WHAT THE TASK REQUIRES = Report back each line of the data that contains the word "unfolding".

....................

lemma msum_least: "\<lbrakk>submodule H R M; \<Union>S \<subseteq> H\<rbrakk> \<Longrightarrow> msum R M S \<subseteq> H"
  unfolding msum_def by blast

lemma msum_mono:
  assumes "\<And>K. K \<in> T \<Longrightarrow> submodule K R M" and "S \<subseteq> T"
  shows "msum R M S \<subseteq> msum R M T"
proof (rule msum_least)
  show "submodule (msum R M T) R M"
    using assms(1) by (rule msum_submodule)
  show "\<Union>S \<subseteq> msum R M T"
    using assms(2) msum_upper[of _ T] by blast
qed

lemma msum_empty: "msum R M {} = {\<zero>\<^bsub>M\<^esub>}"
proof
  show "msum R M {} \<subseteq> {\<zero>\<^bsub>M\<^esub>}"
    using submodule_zero by (rule msum_least) simp
  show "{\<zero>\<^bsub>M\<^esub>} \<subseteq> msum R M {}"
    using submoduleE(2)[OF msum_submodule[of "{}"]] by simp
qed

lemma msum_insert:
  assumes K: "submodule K R M" and F: "\<And>H. H \<in> F \<Longrightarrow> submodule H R M"
  shows "msum R M (insert K F) = msum2 M K (msum R M F)"
proof
  have KF: "\<And>H. H \<in> insert K F \<Longrightarrow> submodule H R M"
    using K F by blast
  have sumF: "submodule (msum R M F) R M"
    using F by (rule msum_submodule)
  show "msum R M (insert K F) \<subseteq> msum2 M K (msum R M F)"
  proof (rule msum_least)
    show "submodule (msum2 M K (msum R M F)) R M"
      using K sumF by (rule msum2_submodule)
    show "\<Union>(insert K F) \<subseteq> msum2 M K (msum R M F)"
      using msum2_upper[OF K sumF] msum_upper[of _ F] by blast
  qed
  show "msum2 M K (msum R M F) \<subseteq> msum R M (insert K F)"
  proof (rule msum2_least)
    show "submodule (msum R M (insert K F)) R M"
      using KF by (rule msum_submodule)
    show "K \<subseteq> msum R M (insert K F)"
      by (rule msum_upper) simp
    show "msum R M F \<subseteq> msum R M (insert K F)"
      by (rule msum_mono[OF KF subset_insertI])
  qed
qed

lemma msum_pair:
  assumes "submodule K R M" and "submodule L R M"
  shows "msum R M {K, L} = msum2 M K L"
proof -
  have "msum R M {L} = L"
    using msum_upper[of L "{L}"] msum_least[OF assms(2), of "{L}"] by blast
  then show ?thesis
    using msum_insert[of K "{L}"] assms by simp
qed

text \<open>The sums over finite subfamilies form a directed family of submodules, so their union is
  a submodule and hence contains the whole sum.\<close>

lemma msum_finite_subfamily:
  assumes S: "\<And>K. K \<in> S \<Longrightarrow> submodule K R M" and x: "x \<in> msum R M S"
  shows "\<exists>F. finite F \<and> F \<subseteq> S \<and> x \<in> msum R M F"
proof -
  define \<C> where "\<C> = {msum R M F | F. finite F \<and> F \<subseteq> S}"
  have sub: "submodule H R M" if "H \<in> \<C>" for H
    using that S unfolding \<C>_def by (auto intro: msum_submodule)
  have directed: "\<exists>G\<in>\<C>. H \<union> H' \<subseteq> G" if HH': "H \<in> \<C>" "H' \<in> \<C>" for H H'
  proof -
    obtain F F' where F: "finite F" "F \<subseteq> S" "H = msum R M F"
      and F': "finite F'" "F' \<subseteq> S" "H' = msum R M F'"
      using HH' unfolding \<C>_def by blast
    have "\<And>K. K \<in> F \<union> F' \<Longrightarrow> submodule K R M"
      using F(2) F'(2) S by blast
    then have "H \<union> H' \<subseteq> msum R M (F \<union> F')"
      using F(3) F'(3) msum_mono by (metis Un_least sup.cobounded1 sup.cobounded2)
    moreover have "msum R M (F \<union> F') \<in> \<C>"
      using F F' unfolding \<C>_def by blast
    ultimately show ?thesis
      by blast
  qed
  have "msum R M {} \<in> \<C>"
    unfolding \<C>_def by blast
  then have "submodule (\<Union>\<C>) R M"
    using sub directed by (intro submodule_directed_Union) blast+
  moreover have "\<Union>S \<subseteq> \<Union>\<C>"
  proof
    fix y assume "y \<in> \<Union>S"
    then obtain K where "K \<in> S" "y \<in> K"
      by blast
    then have "y \<in> msum R M {K}" and "msum R M {K} \<in> \<C>"
      using msum_upper[of K "{K}"] unfolding \<C>_def by blast+
    then show "y \<in> \<Union>\<C>"
      by blast
  qed
  ultimately have "x \<in> \<Union>\<C>"
    using x msum_least by blast
  then show ?thesis
    unfolding \<C>_def by blast
qed

lemma cyclic_subfamily_cover:
  assumes "cyclic R M N" and S: "\<And>K. K \<in> S \<Longrightarrow> submodule K R M" and "N \<subseteq> msum R M S"
  shows "\<exists>F. finite F \<and> F \<subseteq> S \<and> N \<subseteq> msum R M F"
proof -
  obtain x where x: "x \<in> N" "N = cyclic_submodule R M x"
    using assms(1) unfolding cyclic_iff by blast
  with assms(3) have "x \<in> msum R M S"
    by blast
  then obtain F where F: "finite F" "F \<subseteq> S" "x \<in> msum R M F"
    using msum_finite_subfamily[OF S] by blast
  have "submodule (msum R M F) R M"
    using F(2) S by (intro msum_submodule) blast
  then have "N \<subseteq> msum R M F"
    unfolding x(2) using F(3) by (rule cyclic_submodule_least)
  with F(1,2) show ?thesis
    by blast
qed

subsection \<open>Covering a submodule by a single member of a family\<close>

text \<open>The ambient submodule A is N itself for hollow N and carrier M for strongly hollow N.\<close>

lemma finite_cover_member:
  assumes A: "submodule A R M" and N: "submodule N R M" and nonzero: "N \<noteq> {\<zero>\<^bsub>M\<^esub>}"
    and split: "\<And>K L. \<lbrakk>submodule K R M; K \<subseteq> A; submodule L R M; L \<subseteq> A; N \<subseteq> msum2 M K L\<rbrakk>
      \<Longrightarrow> N \<subseteq> K \<or> N \<subseteq> L"
    and "finite F" and "\<And>K. K \<in> F \<Longrightarrow> submodule K R M \<and> K \<subseteq> A" and "N \<subseteq> msum R M F"
  shows "\<exists>K\<in>F. N \<subseteq> K"
  using assms(5-7)
proof (induction F rule: finite_induct)
  case empty
  then have "N = {\<zero>\<^bsub>M\<^esub>}"
    using submoduleE(2)[OF N] msum_empty by blast
  with nonzero show ?case
    by contradiction
next
  case (insert K F)
  have K: "submodule K R M" "K \<subseteq> A" and F: "\<And>H. H \<in> F \<Longrightarrow> submodule H R M \<and> H \<subseteq> A"
    using insert.prems(1) by blast+
  have sumF: "submodule (msum R M F) R M"
    using F by (blast intro: msum_submodule)
  have sumF_A: "msum R M F \<subseteq> A"
    by (rule msum_least[OF A]) (use F in blast)
  have "N \<subseteq> msum2 M K (msum R M F)"
    using insert.prems(2) msum_insert[OF K(1)] F by simp
  then have "N \<subseteq> K \<or> N \<subseteq> msum R M F"
    by (rule split[OF K sumF sumF_A])
  moreover have "N \<subseteq> msum R M F \<Longrightarrow> \<exists>H\<in>F. N \<subseteq> H"
    using insert.IH F by simp
  ultimately show ?case
    by blast
qed

lemma cyclic_cover_member:
  assumes "submodule A R M" and "submodule N R M" and "N \<noteq> {\<zero>\<^bsub>M\<^esub>}" and "cyclic R M N"
    and "\<And>K L. \<lbrakk>submodule K R M; K \<subseteq> A; submodule L R M; L \<subseteq> A; N \<subseteq> msum2 M K L\<rbrakk>
      \<Longrightarrow> N \<subseteq> K \<or> N \<subseteq> L"
    and S: "\<And>K. K \<in> S \<Longrightarrow> submodule K R M \<and> K \<subseteq> A" and "N \<subseteq> msum R M S"
  shows "\<exists>K\<in>S. N \<subseteq> K"
proof -
  obtain F where F: "finite F" "F \<subseteq> S" "N \<subseteq> msum R M F"
    using cyclic_subfamily_cover[OF assms(4) _ assms(7)] S by blast
  have "\<exists>K\<in>F. N \<subseteq> K"
    by (rule finite_cover_member[OF assms(1-3,5) F(1) S[OF subsetD[OF F(2)]] F(3)])
  with F(2) show ?thesis
    by blast
qed

lemma hollow_split:
  assumes N: "submodule N R M" and hollow: "hollow R M N"
    and K: "submodule K R M" "K \<subseteq> N" and L: "submodule L R M" "L \<subseteq> N"
    and "N \<subseteq> msum2 M K L"
  shows "N \<subseteq> K \<or> N \<subseteq> L"
proof -
  have "msum2 M K L = N"
    using msum2_least[OF N K(2) L(2)] assms(7) by blast
  then have "K = N \<or> L = N"
    using hollow K L unfolding hollow_def by simp
  then show ?thesis
    by blast
qed

subsection \<open>Completely hollow submodules\<close>

lemma local_module_imp_completely_hollow:
  assumes N: "submodule N R M" and "local_module R M N"
  shows "completely_hollow R M N"
  unfolding completely_hollow_def
proof (intro allI impI)
  fix S assume S: "(\<forall>K\<in>S. submodule K R M \<and> K \<subseteq> N) \<and> msum R M S = N"
  have nonzero: "N \<noteq> {\<zero>\<^bsub>M\<^esub>}" and cyclic: "cyclic R M N" and hollow: "hollow R M N"
    using assms(2) unfolding local_module_def by simp_all
  have "\<exists>K\<in>S. N \<subseteq> K"
  proof (rule cyclic_cover_member[OF N N nonzero cyclic])
    show "N \<subseteq> K \<or> N \<subseteq> L"
      if "submodule K R M" "K \<subseteq> N" "submodule L R M" "L \<subseteq> N" "N \<subseteq> msum2 M K L" for K L
      using hollow_split[OF N hollow that] .
    show "submodule K R M \<and> K \<subseteq> N" if "K \<in> S" for K
      using S that by simp
    show "N \<subseteq> msum R M S"
      using S by simp
  qed
  then obtain K where "K \<in> S" "N \<subseteq> K"
    by blast
  moreover have "K \<subseteq> N"
    using S \<open>K \<in> S\<close> by simp
  ultimately show "\<exists>K\<in>S. K = N"
    by (intro bexI[of _ K]) simp_all
qed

....................

REPLY =
  unfolding msum_def by blast
    using that S unfolding \<C>_def by (auto intro: msum_submodule)
      using HH' unfolding \<C>_def by blast
      using F F' unfolding \<C>_def by blast
    unfolding \<C>_def by blast
      using msum_upper[of K "{K}"] unfolding \<C>_def by blast+
    unfolding \<C>_def by blast
    using assms(1) unfolding cyclic_iff by blast
    unfolding x(2) using F(3) by (rule cyclic_submodule_least)
    using hollow K L unfolding hollow_def by simp
  unfolding completely_hollow_def
    using assms(2) unfolding local_module_def by simp_all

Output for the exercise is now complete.